Gurkha veterans have taken their fight for the right to settle in Britain to the High Court, arguing that the country owed them a "special debt" of gratitude.
The actress Joanna Lumley, whose late father, Major James Rutherford Lumley, served with the 6th Gurkha Rifles, marched with the veterans as they began their legal challenge.
She fought back tears outside the High Court as she accused the British legal system of "shamefully" ignoring the plight of the Gurkhas, saying her father would be "ashamed" of the refusal to let many settle in the UK.
The Absolutely Fabulous actress was given a guard of honour and bagpipes played Cock o' The North as she arrived on the steps of the court.
Miss Lumley met VC winners Lachhiman Gurung, 91, and Tul Bahadur Pun, 87, as hundreds of Gurkhas, their wives, families and supporters, lined the streets waving banners.
In 1944 Mr Pun saved the lives of fellow soldiers, including Miss Lumley's father, as they faced Japanese machine gunners in Burma.
Miss Lumley, 62, said: "Ever since I was a small child this man has been my hero. I hope we will see justice."
More than 2,000 Gurkhas are challenging a tribunal ruling on their immigration status that means those who retired before 1997, when their base moved from Hong Kong to Kent, cannot automatically settle in the UK.

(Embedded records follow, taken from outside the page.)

lemma Jfam_Un:
  assumes "A \<subseteq> V" "B \<subseteq> V" and KA: "KA \<in> Jfam A" and KB: "KB \<in> Jfam B"
    and agree: "KA \<inter> \<Union>(A \<inter> B) = KB \<inter> \<Union>(A \<inter> B)"
  shows "KA \<union> KB \<in> Jfam (A \<union> B)" "(KA \<union> KB) \<inter> \<Union>A = KA" "(KA \<union> KB) \<inter> \<Union>B = KB"
proof -
  have kA: "KA \<subseteq> \<Union>A" and kB: "KB \<subseteq> \<Union>B"
    using KA KB by (simp_all add: Jfam_subset_Union)
  have UAB: "\<Union>A \<inter> \<Union>B = \<Union>(A \<inter> B)" using Union_Int_Union assms(1,2) .
  have "KB \<inter> \<Union>A = KB \<inter> (\<Union>A \<inter> \<Union>B)" using kB by auto
  then have BA: "KB \<inter> \<Union>A = KA \<inter> \<Union>(A \<inter> B)" by (simp add: UAB agree)
  have "KA \<inter> \<Union>B = KA \<inter> (\<Union>A \<inter> \<Union>B)" using kA by auto
  then have AB: "KA \<inter> \<Union>B = KB \<inter> \<Union>(A \<inter> B)" by (simp add: UAB agree)
  show A: "(KA \<union> KB) \<inter> \<Union>A = KA"
    using kA by (auto simp: Int_Un_distrib2 BA)
  show B: "(KA \<union> KB) \<inter> \<Union>B = KB"
    using kB by (auto simp: Int_Un_distrib2 AB)
  have "card ((KA \<union> KB) \<inter> I) = 1" if "I \<in> A \<union> B" for I
  proof (cases "I \<in> A")
    case True
    then have "(KA \<union> KB) \<inter> I = (KA \<union> KB) \<inter> \<Union>A \<inter> I" by auto
    then show ?thesis using KA True A by (simp add: Jfam_def)
  next
    case False
    then have "I \<in> B" using that by simp
    then have "(KA \<union> KB) \<inter> I = (KA \<union> KB) \<inter> \<Union>B \<inter> I" by auto
    then show ?thesis using KB \<open>I \<in> B\<close> B by (simp add: Jfam_def)
  qed
  then show "KA \<union> KB \<in> Jfam (A \<union> B)"
    using kA kB by (auto simp: Jfam_def)
qed

lemma marginal_marginal:
  assumes "S \<subseteq> R" "R \<subseteq> U" "U \<subseteq> V" and J: "J \<in> Jfam S"
  shows "marginal U p J = marginal R (marginal U p) J"
proof -
  let ?K = "{K\<in>Jfam U. J \<subseteq> K}" and ?L = "{L\<in>Jfam R. J \<subseteq> L}"
  have restrict: "(\<lambda>K. K \<inter> \<Union>R) ` ?K \<subseteq> ?L"
    using Int_Union_in_Jfam[of _ U R] Jfam_subset_Union[OF J] assms(1,2) by blast
  have fibre: "{K\<in>?K. K \<inter> \<Union>R = L} = {K\<in>Jfam U. L \<subseteq> K}" if "L \<in> ?L" for L
    using that Jfam_subset_iff[of _ U L R] assms(2) by blast
  have "marginal U p J = (\<Sum>L\<in>?L. sum p {K\<in>?K. K \<inter> \<Union>R = L})"
    unfolding marginal_def
    by (rule sum.group[symmetric]) (use assms finite_Jfam_subset restrict in auto)
  also have "\<dots> = marginal R (marginal U p) J"
    unfolding marginal_def[of R]
  proof (rule sum.cong[OF refl])
    fix L assume "L \<in> ?L"
    from fibre[OF this] show "sum p {K\<in>?K. K \<inter> \<Union>R = L} = marginal U p L"
      by (simp only: marginal_def)
  qed
  finally show ?thesis .
qed

lemma marginal_through:
  assumes "S \<subseteq> R" "R \<subseteq> U" "U \<subseteq> V" and "\<And>K. K \<in> Jfam R \<Longrightarrow> marginal U q K = p K"
    and "J \<in> Jfam S"
  shows "marginal U q J = marginal R p J"
  using marginal_marginal[OF assms(1-3,5)] assms(4) by (simp add: marginal_def)

lemma le_marginal:
  assumes "U \<subseteq> V" "\<forall>K\<in>Jfam U. 0 \<le> p K" "K \<in> Jfam U" "J \<subseteq> K"
  shows "p K \<le> marginal U p J"
  unfolding marginal_def
  by (rule member_le_sum) (use assms finite_Jfam_subset in auto)

lemma marginal_restriction:
  assumes A: "A \<subseteq> V" and B: "B \<subseteq> V" and KA: "KA \<in> Jfam A"
  shows "marginal (A \<union> B) (\<lambda>K. q (K \<inter> \<Union>B)) KA = marginal B q (KA \<inter> \<Union>(A \<inter> B))"
  unfolding marginal_def
proof (rule sum.reindex_bij_witness[where i = "\<lambda>KB. KA \<union> KB" and j = "\<lambda>K. K \<inter> \<Union>B"])
  fix K assume "K \<in> {K \<in> Jfam (A \<union> B). KA \<subseteq> K}"
  then have K: "K \<in> Jfam (A \<union> B)" "KA \<subseteq> K" by simp_all
  have "K \<inter> \<Union>A = KA" using Jfam_subset_iff[OF K(1) KA Un_upper1] K(2) by simp
  moreover have "K \<subseteq> \<Union>A \<union> \<Union>B" using Jfam_subset_Union[OF K(1)] by simp
  then have "K = K \<inter> \<Union>A \<union> K \<inter> \<Union>B" by blast
  ultimately show "KA \<union> K \<inter> \<Union>B = K" by simp
  have "KA \<inter> \<Union>(A \<inter> B) \<subseteq> K \<inter> \<Union>B" using K(2) by auto
  then show "K \<inter> \<Union>B \<in> {KB \<in> Jfam B. KA \<inter> \<Union>(A \<inter> B) \<subseteq> KB}"
    using Int_Union_in_Jfam[OF K(1) Un_upper2] by simp
next
  fix KB assume "KB \<in> {KB \<in> Jfam B. KA \<inter> \<Union>(A \<inter> B) \<subseteq> KB}"
  then have KB: "KB \<in> Jfam B" "KA \<inter> \<Union>(A \<inter> B) \<subseteq> KB" by simp_all
  have "KA \<inter> \<Union>(A \<inter> B) \<in> Jfam (A \<inter> B)" using Int_Union_in_Jfam[OF KA Int_lower1] .
  then have "KA \<inter> \<Union>(A \<inter> B) = KB \<inter> \<Union>(A \<inter> B)"
    using Jfam_subset_iff[OF KB(1) _ Int_lower2] KB(2) by simp
  note glued = Jfam_Un[OF A B KA KB(1) this]
  show "(KA \<union> KB) \<inter> \<Union>B = KB" by (rule glued(3))
  show "KA \<union> KB \<in> {K \<in> Jfam (A \<union> B). KA \<subseteq> K}" using glued(1) by simp
qed simp

end

section \<open>Gluing consistent distributions\<close>

text \<open>The conditional-independence gluing of p on A and q on B along their common marginal.
  Where that marginal vanishes, division by zero yields 0; this is harmless because p vanishes there
  as well.\<close>

definition glue :: "nat set set \<Rightarrow> (nat set \<Rightarrow> real) \<Rightarrow> nat set set \<Rightarrow> (nat set \<Rightarrow> real) \<Rightarrow> nat set \<Rightarrow> real"
  where "glue A p B q K = p (K \<inter> \<Union>A) * q (K \<inter> \<Union>B) / marginal B q (K \<inter> \<Union>(A \<inter> B))"

definition marginals_agree :: "nat set set \<Rightarrow> (nat set \<Rightarrow> real) \<Rightarrow> nat set set \<Rightarrow> (nat set \<Rightarrow> real) \<Rightarrow> bool"
  where "marginals_agree A p B q \<longleftrightarrow> (\<forall>J\<in>Jfam (A \<inter> B). marginal A p J = marginal B q J)"

lemma glue_commute:
  assumes "marginals_agree A p B q" "K \<in> Jfam (A \<union> B)"
  shows "glue B q A p K = glue A p B q K"
proof -
  have "K \<inter> \<Union>(A \<inter> B) \<in> Jfam (A \<inter> B)" using Int_Union_in_Jfam[OF assms(2)] by blast
  then show ?thesis
    using assms(1) by (simp add: glue_def marginals_agree_def Int_commute[of B A] mult.commute)
qed

lemma glue_nonneg:
  assumes "\<forall>K\<in>Jfam A. 0 \<le> p K" "\<forall>K\<in>Jfam B. 0 \<le> q K" "K \<in> Jfam (A \<union> B)"
  shows "0 \<le> glue A p B q K"
proof -
  have "K \<inter> \<Union>A \<in> Jfam A" "K \<inter> \<Union>B \<in> Jfam B"
    using Int_Union_in_Jfam[OF assms(3)] by auto
  moreover have "0 \<le> marginal B q J" for J
    unfolding marginal_def using assms(2) by (auto intro: sum_nonneg)
  ultimately show ?thesis
    unfolding glue_def using assms(1,2) by (metis divide_nonneg_nonneg mult_nonneg_nonneg)
qed

context block_family
begin

lemma marginal_glue_left:
  assumes A: "A \<subseteq> V" and B: "B \<subseteq> V" and p: "\<forall>K\<in>Jfam A. 0 \<le> p K"
    and agree: "marginals_agree A p B q" and KA: "KA \<in> Jfam A"
  shows "marginal (A \<union> B) (glue A p B q) KA = p KA"
proof -
  define m where "m = marginal B q (KA \<inter> \<Union>(A \<inter> B))"
  have "marginal (A \<union> B) (glue A p B q) KA = marginal (A \<union> B) (\<lambda>K. p KA / m * q (K \<inter> \<Union>B)) KA"
    unfolding marginal_def
  proof (rule sum.cong[OF refl])
    fix K assume "K \<in> {K \<in> Jfam (A \<union> B). KA \<subseteq> K}"
    then have "K \<inter> \<Union>A = KA" using Jfam_subset_iff[OF _ KA, of K "A \<union> B"] by auto
    moreover have "K \<inter> \<Union>(A \<inter> B) = K \<inter> \<Union>A \<inter> \<Union>(A \<inter> B)" by blast
    ultimately show "glue A p B q K = p KA / m * q (K \<inter> \<Union>B)"
      by (simp add: glue_def m_def)
  qed
  also have "\<dots> = p KA / m * marginal (A \<union> B) (\<lambda>K. q (K \<inter> \<Union>B)) KA"
    by (simp add: marginal_def sum_distrib_left)
  also have "\<dots> = p KA / m * m"
    using marginal_restriction[OF A B KA] by (simp add: m_def)
  also have "\<dots> = p KA"
  proof (cases "m = 0")
    case True
    have "KA \<inter> \<Union>(A \<inter> B) \<in> Jfam (A \<inter> B)" using Int_Union_in_Jfam[OF KA] by blast
    then have "marginal A p (KA \<inter> \<Union>(A \<inter> B)) = 0"
      using agree True by (simp add: marginals_agree_def m_def)
    moreover have "p KA \<le> marginal A p (KA \<inter> \<Union>(A \<inter> B))"
      using le_marginal[OF A p KA] by blast
    moreover have "0 \<le> p KA" using p KA by blast
    ultimately have "p KA = 0" by linarith
    then show ?thesis by simp
  qed simp
  finally show ?thesis .
qed

lemma marginal_glue_right:
  assumes A: "A \<subseteq> V" and B: "B \<subseteq> V" and q: "\<forall>K\<in>Jfam B. 0 \<le> q K"
    and agree: "marginals_agree A p B q" and KB: "KB \<in> Jfam B"
  shows "marginal (A \<union> B) (glue A p B q) KB = q KB"
proof -
  have agree': "marginals_agree B q A p"
    using agree unfolding marginals_agree_def by (metis Int_commute)
  have "marginal (A \<union> B) (glue A p B q) KB = marginal (B \<union> A) (glue B q A p) KB"
    unfolding marginal_def Un_commute[of B A]
  proof (rule sum.cong[OF refl])
    fix K assume "K \<in> {K \<in> Jfam (A \<union> B). KB \<subseteq> K}"
    then show "glue A p B q K = glue B q A p K" using glue_commute[OF agree, of K] by simp
  qed
  also have "\<dots> = q KB" by (rule marginal_glue_left[OF B A q agree' KB])
  finally show ?thesis .
qed

lemma marginals_agree_subset:
  assumes "marginals_agree A p B q" "A \<subseteq> V" "B \<subseteq> V" "S \<subseteq> A \<inter> B" "J \<in> Jfam S"
  shows "marginal A p J = marginal B q J"
proof -
  have agree: "\<And>K. K \<in> Jfam (A \<inter> B) \<Longrightarrow> marginal A p K = marginal B q K"
    using assms(1) by (simp add: marginals_agree_def)
  have "marginal A p J = marginal (A \<inter> B) (marginal B q) J"
    by (rule marginal_through[OF assms(4) _ assms(2) agree assms(5)]) blast
  also have "\<dots> = marginal B q J"
    by (rule marginal_marginal[OF assms(4) _ assms(3) assms(5), symmetric]) blast
  finally show ?thesis .
qed

end

inductive running_intersection :: "('a set \<Rightarrow> 'a set \<Rightarrow> bool) \<Rightarrow> 'a set list \<Rightarrow> bool"
  for R where
  Nil: "running_intersection R []"
| snoc: "running_intersection R es \<Longrightarrow>
    x \<inter> \<Union>(set es) = {} \<or> (\<exists>e\<in>set es. R x e \<and> x \<inter> \<Union>(set es) \<subseteq> e) \<Longrightarrow>
    running_intersection R (es @ [x])"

Those who retired before that date, and had their cases decided by visa officials in Kathmandu and Hong Kong, must apply for permission to stay and may be refused and deported.

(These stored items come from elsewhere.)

lemma struct_iso_sub_universe:
  assumes iso: "struct_iso ar S T" and B: "sub_universe ar S B"
  obtains C where "sub_universe ar T C" and "struct_iso ar (S\<lparr>univ := B\<rparr>) (T\<lparr>univ := C\<rparr>)"
proof -
  obtain h where h: "bij_betw h (univ S) (univ T)"
    and h_ops: "\<And>f args. length args = ar f \<Longrightarrow> set args \<subseteq> univ S \<Longrightarrow>
                 h (ops S f args) = ops T f (map h args)"
    and h_ord: "\<And>x y. x \<in> univ S \<Longrightarrow> y \<in> univ S \<Longrightarrow> ord S x y \<longleftrightarrow> ord T (h x) (h y)"
    using iso unfolding struct_iso_def by blast
  have BS: "B \<subseteq> univ S" and B_ne: "B \<noteq> {}"
    and B_closed: "\<And>f args. length args = ar f \<Longrightarrow> set args \<subseteq> B \<Longrightarrow> ops S f args \<in> B"
    using B unfolding sub_universe_def by blast+
  have hB: "bij_betw h B (h ` B)"
    using h BS by (auto simp: bij_betw_def intro: inj_on_subset)
  have image_closed: "ops T f args \<in> h ` B" if "length args = ar f" "set args \<subseteq> h ` B" for f args
  proof -
    define args' where "args' = map (inv_into B h) args"
    have "set args' \<subseteq> B" and "map h args' = args"
      using that(2) by (auto simp: args'_def inv_into_into f_inv_into_f intro!: map_idI)
    moreover have "length args' = ar f"
      using that(1) by (simp add: args'_def)
    ultimately have "ops T f args = h (ops S f args')"
      using h_ops BS by auto
    with \<open>set args' \<subseteq> B\<close> \<open>length args' = ar f\<close> show ?thesis
      using B_closed by blast
  qed
  show ?thesis
  proof (rule that)
    show "sub_universe ar T (h ` B)"
      using h BS B_ne image_closed unfolding sub_universe_def bij_betw_def by blast
    show "struct_iso ar (S\<lparr>univ := B\<rparr>) (T\<lparr>univ := h ` B\<rparr>)"
      unfolding struct_iso_def struct_closed_def
    proof (intro conjI exI[of _ h] allI impI ballI)
      fix f args assume "length args = ar f \<and> set args \<subseteq> univ (S\<lparr>univ := B\<rparr>)"
      then show "h (ops (S\<lparr>univ := B\<rparr>) f args) = ops (T\<lparr>univ := h ` B\<rparr>) f (map h args)"
        using h_ops BS by auto
    next
      fix x y assume "x \<in> univ (S\<lparr>univ := B\<rparr>)" "y \<in> univ (S\<lparr>univ := B\<rparr>)"
      then show "ord (S\<lparr>univ := B\<rparr>) x y \<longleftrightarrow> ord (T\<lparr>univ := h ` B\<rparr>) (h x) (h y)"
        using h_ord BS by auto
    qed (use B_closed image_closed hB in auto)
  qed
qed

definition same_columns :: "'a list set \<Rightarrow> nat \<Rightarrow> nat \<Rightarrow> bool" where
  "same_columns D c c' \<longleftrightarrow> (\<forall>xs\<in>D. xs ! c = xs ! c')"

lemma same_columns_refl: "same_columns D c c"
  and same_columns_sym: "same_columns D c c' \<Longrightarrow> same_columns D c' c"
  and same_columns_trans: "same_columns D c c' \<Longrightarrow> same_columns D c' c'' \<Longrightarrow> same_columns D c c''"
  by (auto simp: same_columns_def)

lemma sub_universe_pow_struct_term_op:
  fixes F :: "'f \<Rightarrow> 'a list \<Rightarrow> 'a"
  assumes D: "sub_universe ar (pow_struct A F lt n \<pi>) D"
    and t: "term_op ar F m t" and bs: "length bs = m" "set bs \<subseteq> D"
  shows "pointwise n t bs \<in> D"
  using t
proof (induction rule: term_op.induct)
  case (proj i)
  then have "bs ! i \<in> D"
    using bs by auto
  moreover have "length (bs ! i) = n"
    using calculation D by (auto simp: sub_universe_def)
  ultimately have "pointwise n (\<lambda>xs. xs ! i) bs = bs ! i"
    using proj bs by (auto simp: pointwise_def intro: nth_equalityI)
  with \<open>bs ! i \<in> D\<close> show ?case
    by simp
next
  case (comp hs f)
  have "set (map (\<lambda>h. pointwise n h bs) hs) \<subseteq> D"
    using comp.IH by auto
  then have "pointwise n (F f) (map (\<lambda>h. pointwise n h bs) hs) \<in> D"
    using D comp.hyps by (auto simp: sub_universe_def)
  moreover have "pointwise n (F f) (map (\<lambda>h. pointwise n h bs) hs)
      = pointwise n (\<lambda>xs. F f (map (\<lambda>h. h xs) hs)) bs"
    by (simp add: pointwise_def comp_def)
  ultimately show ?case
    by simp
qed

lemma primal_sub_universe_pow_struct_diagonal:
  assumes primal: "primal A ar F"
    and D: "sub_universe ar (pow_struct A F lt n \<pi>) D"
    and x: "length x = n" "set x \<subseteq> A"
    and x_respects: "\<And>c c'. c < n \<Longrightarrow> c' < n \<Longrightarrow> same_columns D c c' \<Longrightarrow> x ! c = x ! c'"
  shows "x \<in> D"
proof -
  have D_tuples: "D \<subseteq> {xs. set xs \<subseteq> A \<and> length xs = n}"
    using D by (auto simp: sub_universe_def)
  moreover have "finite {xs. set xs \<subseteq> A \<and> length xs = n}"
    using primal by (simp add: primal_def finite_lists_length_eq)
  ultimately obtain bs where bs: "set bs = D"
    using finite_list finite_subset by metis
  define m where "m = length bs"
  have "m \<ge> 1"
    using D bs by (cases bs) (auto simp: m_def sub_universe_def)
  define col where "col i = map (\<lambda>b. b ! i) bs" for i
  \<comment> \<open>The wanted operation sends the i-th column of D to x ! i, which is well defined because x
      respects the equalities between columns; off the columns any value in A will do.\<close>
  define g where "g ys = (if \<exists>c<n. ys = col c then x ! (SOME c. c < n \<and> ys = col c) else ys ! 0)"
    for ys
  have "g ys \<in> A" if "length ys = m" "set ys \<subseteq> A" for ys
  proof (cases "\<exists>c<n. ys = col c")
    case True
    then have "(SOME c. c < n \<and> ys = col c) < n"
      by (metis (mono_tags, lifting) someI_ex)
    then show ?thesis
      using True x by (auto simp: g_def)
  next
    case False
    moreover have "ys ! 0 \<in> set ys"
      using that \<open>m \<ge> 1\<close> by simp
    ultimately show ?thesis
      using that by (auto simp only: g_def if_False)
  qed
  then obtain t where t: "term_op ar F m t"
    and t_g: "\<And>ys. length ys = m \<Longrightarrow> set ys \<subseteq> A \<Longrightarrow> t ys = g ys"
    using primal \<open>m \<ge> 1\<close> unfolding primal_def by metis
  have "pointwise n t bs \<in> D"
    using sub_universe_pow_struct_term_op[OF D t] bs by (simp add: m_def)
  moreover have "pointwise n t bs = x"
  proof (rule nth_equalityI)
    fix i assume "i < length (pointwise n t bs)"
    then have i: "i < n"
      by (simp add: pointwise_def)
    define c where "c = (SOME c. c < n \<and> col i = col c)"
    have c: "c < n" "col i = col c"
      using someI[of "\<lambda>c. c < n \<and> col i = col c" i] i by (auto simp: c_def)
    then have "same_columns D c i"
      by (auto simp: same_columns_def col_def bs[symmetric] map_eq_conv)
    then have "x ! c = x ! i"
      using x_respects c i by blast
    moreover have "length (col i) = m" "set (col i) \<subseteq> A"
      using D_tuples bs i by (fastforce simp: col_def m_def)+
    ultimately show "pointwise n t bs ! i = x ! i"
      using i t_g by (auto simp: pointwise_def g_def c_def col_def)
  qed (use x in \<open>simp add: pointwise_def\<close>)
  ultimately show ?thesis
    by simp
qed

All other foreign soldiers in the British Army have a right to settle in Britain after four years of service anywhere in the world.
Seizing a megaphone outside the High Court Miss Lumley addressed the crowd with the traditional Gurkha cry "Ayo Ghurkali!" which means "Here come the Gurkhas!".
She said: "My father would be absolutely overwhelmed with shame and fury that we behaved this way to our most loyal and constant friends.
"We have discriminated against them dreadfully and it is a stain on our relationship."
As the two day court hearing began Edward Fitzgerald QC, representing the Gurkhas, said part of the Government's explanation for refusing settlement rights was that the Gurkhas lacked "strong ties" with Britain.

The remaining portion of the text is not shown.